I've written extensively on unnecessary and unconstitutional war, yet I didn't run on an antiwar platform — but rather an anti-nation-building one. Yet nation-building is indeed war, and endless expanding war is fundamental to state power. As my campaign progressed, this country engaged in war on three continents without pause. It conducted cyber war, economic war, and direct action in foreign countries – all without any Congressional declarations of war, and all with repeated votes by my opponent to fund these unconstitutional activities. My opponent, even during our campaign, voted to expand the military, to further incorporate drones into American policing in every state, and he even refused to support the Smith-Amash Amendment to strip the NDAA of its egregious citizen military detention clause. My lack of boldness on the issue of illegal war and expansion of the national security state was a gift to status quo nationalism, and my opponent's sorry voting record continued unabated and largely unquestioned.

During our campaign, we constantly criticized the incumbent for his tendency to support the best compromise he can get, rather than opposing evil and unconstitutional legislation straight up. I have since concluded that such compromise is not only rotten, but indeed futile. Better to go with a full frontal assault, the yes or no, up or down. Better to unleash the truth, fire the kill shots, and never compromise. Yet, politicians by their very nature are appeasers and deal makers. After completing this race, I increasingly see political campaigns as battles in what must be understood as a war with the state, and certainly a war between the people and Washington, DC.

Our campaign was also a beautiful experiment in the nature of spontaneous cooperation and free exchange. Many talented people came together, often just in time, and offered their special talents and skills to create great value that blessed more than just our campaign. We grew, as Tom Woods eloquently points out, a remnant of sorts in our own district, and we planted seeds for a geography of liberty in this part of Virginia that will not be denied.

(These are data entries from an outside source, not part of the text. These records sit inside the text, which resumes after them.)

(* Let $(A,W)$ be a Pratt comonoid, let $x_0\supseteq x_1\supseteq\cdots$ be an $\omega$-indexed descending chain of elements of $W$, and let $y_0\subseteq y_1\subseteq\cdots$ be an $\omega$-indexed ascending chain of elements of $W$. Suppose that $\bigcap_{m\in\omega}x_m=\emptyset$, and that for no pair $(m,n)\in\omega\times\omega$ does $y_n$ contain $x_m\cap\bigcup_{i\in\omega}y_i$. Then $W$ has at least continuum cardinality; in fact $W$ contains a complete sublattice isomorphic to the lattice of all subsets of $\omega$.
   Context: A Pratt comonoid is a pair $(A,W)$ where $A$ is a set and $W$ is a set of subsets of $A$ such that (i) $\emptyset\in W$ and $A\in W$; (ii) whenever $C\subseteq A\times A$ is such that for every $a\in A$ both the $a$-th row $\{b\mid (a,b)\in C\}$ and the $a$-th column $\{b\mid (b,a)\in C\}$ belong to $W$ (a crossword over $W$), the diagonal $\{b\mid (b,b)\in C\}$ also belongs to $W$. A complete sublattice of $W$ is a subset of $W$ closed under arbitrary (possibly infinite) unions and intersections taken in the power set of $A$, not necessarily containing $\emptyset$ or $A$. *)

theory Defs
  imports Main
begin

definition crossword :: "'a set \<Rightarrow> 'a set set \<Rightarrow> ('a \<times> 'a) set \<Rightarrow> bool" where
  "crossword A W C \<longleftrightarrow> C \<subseteq> A \<times> A \<and>
     (\<forall>a\<in>A. {b. (a, b) \<in> C} \<in> W \<and> {b. (b, a) \<in> C} \<in> W)"

definition diagonal :: "('a \<times> 'a) set \<Rightarrow> 'a set" where
  "diagonal C = {b. (b, b) \<in> C}"

definition pratt_comonoid :: "'a set \<Rightarrow> 'a set set \<Rightarrow> bool" where
  "pratt_comonoid A W \<longleftrightarrow> W \<subseteq> Pow A \<and> {} \<in> W \<and> A \<in> W \<and>
     (\<forall>C. crossword A W C \<longrightarrow> diagonal C \<in> W)"

text \<open>A complete sublattice of W: a subset of W closed under unions and intersections
  of arbitrary nonempty subfamilies (taken in the power set of A; the empty family is
  excluded since a complete sublattice need not contain the empty set or A).\<close>
definition complete_sublattice :: "'a set set \<Rightarrow> 'a set set \<Rightarrow> bool" where
  "complete_sublattice W S \<longleftrightarrow> S \<subseteq> W \<and>
     (\<forall>T. T \<subseteq> S \<and> T \<noteq> {} \<longrightarrow> \<Union>T \<in> S \<and> \<Inter>T \<in> S)"

end

theory Submission
  imports Defs
begin

text \<open>
  Pass to subsequences so that there are points \<open>w k \<in> x (a k) - x (a (k+1))\<close> with
  \<open>w k \<in> y (b (k+1)) - y (b k)\<close>. Every point \<open>c\<close> of \<open>A\<close> has a first exit time \<open>m c\<close> from the
  decreasing chain \<open>u k = x (a (k+1))\<close>, and \<open>m (w k) = k\<close>. For \<open>X \<subseteq> \<omega>\<close> let \<open>\<phi> X\<close> consist of the
  points \<open>c\<close> lying in \<open>y (b (m c + 1))\<close> if \<open>m c \<in> X\<close> and in \<open>y (b (m c))\<close> otherwise. This is the
  diagonal of the crossword whose \<open>c\<close>-th row is that set: its columns are \<open>\<emptyset>\<close>, \<open>A\<close> or some
  \<open>u k\<close>, so \<open>\<phi> X \<in> W\<close>. Membership of \<open>c\<close> in \<open>\<phi> X\<close> depends monotonically on the single bit
  \<open>m c \<in> X\<close>, so \<open>\<phi>\<close> preserves all nonempty unions and intersections, and \<open>w k \<in> \<phi> X \<longleftrightarrow> k \<in> X\<close>
  makes it an order embedding.
\<close>

definition first_exit :: "(nat \<Rightarrow> 'a set) \<Rightarrow> 'a \<Rightarrow> nat" where
  "first_exit u c = (LEAST k. c \<notin> u k)"

lemma first_exit_eqI:
  assumes "c \<notin> u k" and "\<And>j. j < k \<Longrightarrow> c \<in> u j"
  shows "first_exit u c = k"
  unfolding first_exit_def
proof (rule Least_equality)
  show "c \<notin> u k" by fact
  show "k \<le> j" if "c \<notin> u j" for j
    using assms(2) that by (meson not_le)
qed

lemma Suc_le_first_exit_iff:
  assumes "antimono u" and "\<exists>k. c \<notin> u k"
  shows "Suc k \<le> first_exit u c \<longleftrightarrow> c \<in> u k"
proof
  assume "Suc k \<le> first_exit u c"
  then show "c \<in> u k"
    unfolding first_exit_def by (metis Suc_le_lessD not_less_Least)
next
  assume "c \<in> u k"
  have "c \<notin> u (first_exit u c)"
    unfolding first_exit_def using assms(2) by (rule LeastI_ex)
  with \<open>c \<in> u k\<close> antimonoD[OF assms(1)] show "Suc k \<le> first_exit u c"
    by (meson not_less_eq_eq subsetD)
qed

lemma pratt_comonoid_first_exit_diagonal:
  assumes P: "pratt_comonoid A W"
    and u: "\<And>k. u k \<in> W" "antimono u" and exhaust: "\<And>c. c \<in> A \<Longrightarrow> \<exists>k. c \<notin> u k"
    and F: "\<And>k. F k \<in> W" "mono F"
  shows "{c. c \<in> F (first_exit u c)} \<in> W"
proof -
  have W: "W \<subseteq> Pow A" "{} \<in> W" "A \<in> W"
    and diagonal_W: "\<And>C. crossword A W C \<Longrightarrow> diagonal C \<in> W"
    using P unfolding pratt_comonoid_def by auto
  have F_A: "F k \<subseteq> A" and u_A: "u k \<subseteq> A" for k
    using F(1) u(1) W(1) by blast+
  define C where "C = {(a, b). a \<in> A \<and> b \<in> F (first_exit u a)}"
  have column_W: "{a. (a, b) \<in> C} \<in> W" for b
  proof (cases "\<exists>k. b \<in> F k")
    case False
    then have "{a. (a, b) \<in> C} = {}" unfolding C_def by auto
    then show ?thesis using W(2) by simp
  next
    case True
    define k0 where "k0 = (LEAST k. b \<in> F k)"
    have "b \<in> F k0" unfolding k0_def using True by (rule LeastI_ex)
    then have "b \<in> F k \<longleftrightarrow> k0 \<le> k" for k
      using monoD[OF F(2)] unfolding k0_def by (blast intro: Least_le)
    then have column: "{a. (a, b) \<in> C} = {a \<in> A. k0 \<le> first_exit u a}"
      unfolding C_def by auto
    show ?thesis
    proof (cases k0)
      case 0
      then show ?thesis using column W(3) by simp
    next
      case (Suc j)
      then have "{a. (a, b) \<in> C} = u j"
        using column Suc_le_first_exit_iff[OF u(2) exhaust] u_A by blast
      then show ?thesis using u(1) by simp
    qed
  qed
  have "crossword A W C"
    unfolding crossword_def C_def using F_A F(1) column_W[unfolded C_def] by auto
  then have "diagonal C \<in> W" by (rule diagonal_W)
  moreover have "diagonal C = {c. c \<in> F (first_exit u c)}"
    unfolding diagonal_def C_def using F_A by auto
  ultimately show ?thesis by simp
qed

definition staircase :: "('a \<Rightarrow> nat) \<Rightarrow> (nat \<Rightarrow> 'a set) \<Rightarrow> nat set \<Rightarrow> 'a set" where
  "staircase m v X = {c. c \<in> v (if m c \<in> X then Suc (m c) else m c)}"

lemma staircase_in_pratt_comonoid:
  assumes "pratt_comonoid A W"
    and "\<And>k. u k \<in> W" "antimono u" "\<And>c. c \<in> A \<Longrightarrow> \<exists>k. c \<notin> u k"
    and v: "\<And>k. v k \<in> W" "mono v"
  shows "staircase (first_exit u) v X \<in> W"
proof -
  define F where "F k = v (if k \<in> X then Suc k else k)" for k
  have "mono F"
  proof
    fix k l :: nat assume "k \<le> l"
    then have "(if k \<in> X then Suc k else k) \<le> (if l \<in> X then Suc l else l)"
      by (cases "k = l") auto
    then show "F k \<le> F l" unfolding F_def using monoD[OF v(2)] by blast
  qed
  then show ?thesis
    using pratt_comonoid_first_exit_diagonal[OF assms(1-4), of F] v(1)
    unfolding staircase_def F_def by simp
qed

lemma staircase_Union:
  assumes "mono v" and "Z \<noteq> {}"
  shows "staircase m v (\<Union>Z) = (\<Union>X\<in>Z. staircase m v X)"
proof (intro set_eqI)
  fix c
  have "v (m c) \<subseteq> v (Suc (m c))" using assms(1) by (simp add: mono_iff_le_Suc)
  then show "c \<in> staircase m v (\<Union>Z) \<longleftrightarrow> c \<in> (\<Union>X\<in>Z. staircase m v X)"
    using assms(2) unfolding staircase_def by auto
qed

lemma staircase_Inter:
  assumes "mono v" and "Z \<noteq> {}"
  shows "staircase m v (\<Inter>Z) = (\<Inter>X\<in>Z. staircase m v X)"
proof (intro set_eqI)
  fix c
  have "v (m c) \<subseteq> v (Suc (m c))" using assms(1) by (simp add: mono_iff_le_Suc)
  then show "c \<in> staircase m v (\<Inter>Z) \<longleftrightarrow> c \<in> (\<Inter>X\<in>Z. staircase m v X)"
    using assms(2) unfolding staircase_def by auto
qed

lemma staircase_subset_iff:
  assumes "mono v" and w: "\<And>k. m (w k) = k" "\<And>k. w k \<in> v (Suc k) - v k"
  shows "staircase m v X \<subseteq> staircase m v Y \<longleftrightarrow> X \<subseteq> Y"
proof
  have "w k \<in> staircase m v Z \<longleftrightarrow> k \<in> Z" for k Z
    using w unfolding staircase_def by auto
  then show "staircase m v X \<subseteq> staircase m v Y \<Longrightarrow> X \<subseteq> Y" by blast
next
  assume "X \<subseteq> Y"
  have "v n \<subseteq> v (Suc n)" for n using assms(1) by (simp add: mono_iff_le_Suc)
  with \<open>X \<subseteq> Y\<close> show "staircase m v X \<subseteq> staircase m v Y"
    unfolding staircase_def by auto
qed

lemma complete_sublattice_range:
  assumes "range \<phi> \<subseteq> W"
    and "\<And>Z. Z \<noteq> {} \<Longrightarrow> \<phi> (\<Union>Z) = (\<Union>X\<in>Z. \<phi> X)"
    and "\<And>Z. Z \<noteq> {} \<Longrightarrow> \<phi> (\<Inter>Z) = (\<Inter>X\<in>Z. \<phi> X)"
  shows "complete_sublattice W (range \<phi>)"
  unfolding complete_sublattice_def
proof (intro conjI allI impI)
  fix T assume T: "T \<subseteq> range \<phi> \<and> T \<noteq> {}"
  define Z where "Z = {X. \<phi> X \<in> T}"
  have "T = \<phi> ` Z" and "Z \<noteq> {}"
    unfolding Z_def using T by auto
  then show "\<Union>T \<in> range \<phi>" and "\<Inter>T \<in> range \<phi>"
    using assms(2,3) by (metis rangeI)+
qed (use assms(1) in blast)

lemma pratt_comonoid_Pow_complete_sublattice:
  assumes "pratt_comonoid A W"
    and u: "\<And>k. u k \<in> W" "antimono u" "\<And>c. c \<in> A \<Longrightarrow> \<exists>k. c \<notin> u k"
    and v: "\<And>k. v k \<in> W" "mono v"
    and w: "\<And>k. first_exit u (w k) = k" "\<And>k. w k \<in> v (Suc k) - v k"
  shows "\<exists>\<phi> :: nat set \<Rightarrow> 'a set. range \<phi> \<subseteq> W \<and> complete_sublattice W (range \<phi>) \<and>
           (\<forall>X Y. \<phi> X \<subseteq> \<phi> Y \<longleftrightarrow> X \<subseteq> Y)"
proof -
  let ?\<phi> = "staircase (first_exit u) v"
  have "range ?\<phi> \<subseteq> W"
    by (intro image_subsetI staircase_in_pratt_comonoid[OF assms(1) u v])
  moreover from this have "complete_sublattice W (range ?\<phi>)"
    by (rule complete_sublattice_range)
      (simp_all add: staircase_Union[OF v(2)] staircase_Inter[OF v(2)])
  moreover have "?\<phi> X \<subseteq> ?\<phi> Y \<longleftrightarrow> X \<subseteq> Y" for X Y
    by (rule staircase_subset_iff[OF v(2) w])
  ultimately show ?thesis
    by blast
qed

lemma interleaving_witnesses:
  assumes "(\<Inter>m. x m) = {}" and "\<And>m n. \<not> x m \<inter> (\<Union>i. y i) \<subseteq> y n"
  obtains w and a b :: "nat \<Rightarrow> nat"
  where "\<And>k. w k \<in> x (a k) - x (a (Suc k))" and "\<And>k. w k \<in> y (b (Suc k)) - y (b k)"
proof -
  have "\<forall>p q. \<exists>c s t. c \<in> x p - x s \<and> c \<in> y t - y q"
    using assms by blast
  then obtain c s t
    where wit: "\<And>p q. c p q \<in> x p - x (s p q)" "\<And>p q. c p q \<in> y (t p q) - y q"
    by metis
  define ab where "ab k = ((\<lambda>(p, q). (s p q, t p q)) ^^ k) (0, 0)" for k
  have "ab (Suc k) = (s (fst (ab k)) (snd (ab k)), t (fst (ab k)) (snd (ab k)))" for k
    unfolding ab_def by (simp add: case_prod_beta)
  then show thesis
    using that[where a = "\<lambda>k. fst (ab k)" and b = "\<lambda>k. snd (ab k)"
        and w = "\<lambda>k. c (fst (ab k)) (snd (ab k))"] wit
    by simp
qed

lemma antimono_less_of_mem_notin:
  fixes x :: "'i::linorder \<Rightarrow> 'a set"
  assumes "antimono x" and "c \<in> x i" and "c \<notin> x j"
  shows "i < j"
  using assms antimonoD[OF assms(1), of j i] by (meson not_less subsetD)

lemma mono_less_of_notin_mem:
  fixes y :: "'i::linorder \<Rightarrow> 'a set"
  assumes "mono y" and "c \<notin> y i" and "c \<in> y j"
  shows "i < j"
  using assms monoD[OF assms(1), of j i] by (meson not_less subsetD)

lemma first_exit_subsequence:
  fixes x :: "nat \<Rightarrow> 'a set"
  assumes x: "antimono x" and "(\<Inter>m. x m) = {}"
    and w: "\<And>k. w k \<in> x (a k) - x (a (Suc k))"
  shows "antimono (\<lambda>k. x (a (Suc k)))" and "\<exists>k. c \<notin> x (a (Suc k))"
    and "first_exit (\<lambda>k. x (a (Suc k))) (w k) = k"
proof -
  have a: "strict_mono a"
    unfolding strict_mono_Suc_iff
    using antimono_less_of_mem_notin[OF x, of "w k" "a k" "a (Suc k)" for k] w by simp
  show "antimono (\<lambda>k. x (a (Suc k)))"
    unfolding antimono_iff_le_Suc
    by (intro allI antimonoD[OF x]) (simp add: strict_mono_less_eq[OF a])
  obtain s where "c \<notin> x s" using assms(2) by blast
  moreover have "s \<le> a (Suc s)"
    using strict_mono_imp_increasing[OF a, of "Suc s"] by simp
  ultimately show "\<exists>k. c \<notin> x (a (Suc k))" using antimonoD[OF x] by blast
  show "first_exit (\<lambda>k. x (a (Suc k))) (w k) = k"
  proof (rule first_exit_eqI)
    show "w k \<notin> x (a (Suc k))" using w by blast
    show "w k \<in> x (a (Suc j))" if "j < k" for j
      using that w[of k] antimonoD[OF x] strict_mono_less_eq[OF a]
      by (meson DiffD1 Suc_leI subsetD)
  qed
qed

lemma mono_subsequence:
  fixes y :: "nat \<Rightarrow> 'a set"
  assumes y: "mono y" and w: "\<And>k. w k \<in> y (b (Suc k)) - y (b k)"
  shows "mono (\<lambda>k. y (b k))"
proof -
  have "strict_mono b"
    unfolding strict_mono_Suc_iff
    using mono_less_of_notin_mem[OF y, of "w k" "b k" "b (Suc k)" for k] w by simp
  then have "mono b"
    by (rule strict_mono_mono)
  then show ?thesis
    by (intro monoI monoD[OF y] monoD[OF \<open>mono b\<close>])
qed

theorem proposition7p3:
  fixes A :: "'a set" and W :: "'a set set"
    and x y :: "nat \<Rightarrow> 'a set"
  assumes "pratt_comonoid A W"
    and "\<And>n. x n \<in> W" and "\<And>n. x (Suc n) \<subseteq> x n"
    and "\<And>n. y n \<in> W" and "\<And>n. y n \<subseteq> y (Suc n)"
    and "(\<Inter>m. x m) = {}"
    and "\<And>m n. \<not> (x m \<inter> (\<Union>i. y i) \<subseteq> y n)"
  shows "(\<exists>f :: nat set \<Rightarrow> 'a set. inj f \<and> range f \<subseteq> W) \<and>
         (\<exists>S \<phi>. complete_sublattice W S \<and> bij_betw \<phi> (UNIV :: nat set set) S \<and>
            (\<forall>X Y. \<phi> X \<subseteq> \<phi> Y \<longleftrightarrow> X \<subseteq> Y))"
proof -
  have x: "antimono x" and y: "mono y"
    using assms(3,5) by (simp_all add: antimono_iff_le_Suc mono_iff_le_Suc)
  obtain w a b where wx: "\<And>k. w k \<in> x (a k) - x (a (Suc k))"
    and wy: "\<And>k. w k \<in> y (b (Suc k)) - y (b k)"
    using interleaving_witnesses[OF assms(6,7)] by metis
  note u = first_exit_subsequence[where a = a and w = w, OF x assms(6) wx]
  obtain \<phi> :: "nat set \<Rightarrow> 'a set" where "range \<phi> \<subseteq> W" "complete_sublattice W (range \<phi>)"
    and embedding: "\<forall>X Y. \<phi> X \<subseteq> \<phi> Y \<longleftrightarrow> X \<subseteq> Y"
    using pratt_comonoid_Pow_complete_sublattice[OF assms(1,2) u(1,2) assms(4)
        mono_subsequence[where b = b and w = w, OF y wy] u(3) wy]
    by blast
  moreover from embedding have "inj \<phi>"
    by (intro injI) blast
  moreover from \<open>inj \<phi>\<close> have "bij_betw \<phi> UNIV (range \<phi>)"
    by (rule inj_on_imp_bij_betw)
  ultimately show ?thesis
    by blast
qed

end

I'll stand again in opposition to the soon-to-be-eleven-term incumbent. A few years ago, I called out the neocon pack in the midst of their carcass-feeding war lust, and faced their nips and whines, their bared fangs and bad breath, with amusement and chuckling. Taking on a single lousy politician – who waivered when I shook his hand after the election, and literally quaked when I impulsively gave him a bear hug – is child's play. It's not to my credit, but it could be my area of specialization. The politics of liberty and attitudes of pure contempt for the jack-booted state will be expanded, more widely considered, and more viable as a result of my continued public resistance.

I plan to be more bold, more principled, and will shoot to kill (so to speak) without compromise. Will this approach get a majority vote among the minority who show up in primary elections? Will we dominate in a convention, or will an aggressive campaign to save the country from Washington professionals drive people to defend the status quo even more vociferously? Will the voting behavior of our targeted representative improve in the interim?

I suspect that campaign professionals will despair that I haven't learned the "right" political lessons. They would surely advise to go mild, broaden the base, and never attack directly. But that's no fun, and for me, it wouldn't be honest. I'd rather be an outlier square in the path of where political action is going, rather than where it has been. That may make me as self-serving and arrogant as the career politician I'm targeting, but knowing exactly where I want to be in a long war against DC may also be a strategic advantage. Having completed a political campaign, and lost, I've gained a new awareness of the nature and vulnerabilities of incumbent politicians in the current era of American national socialism. More importantly, I've glimpsed the unlimited possibilities and glorious impact of individual decisions to challenge the illusion of central authority and to live free, by no man's leave and as we wish.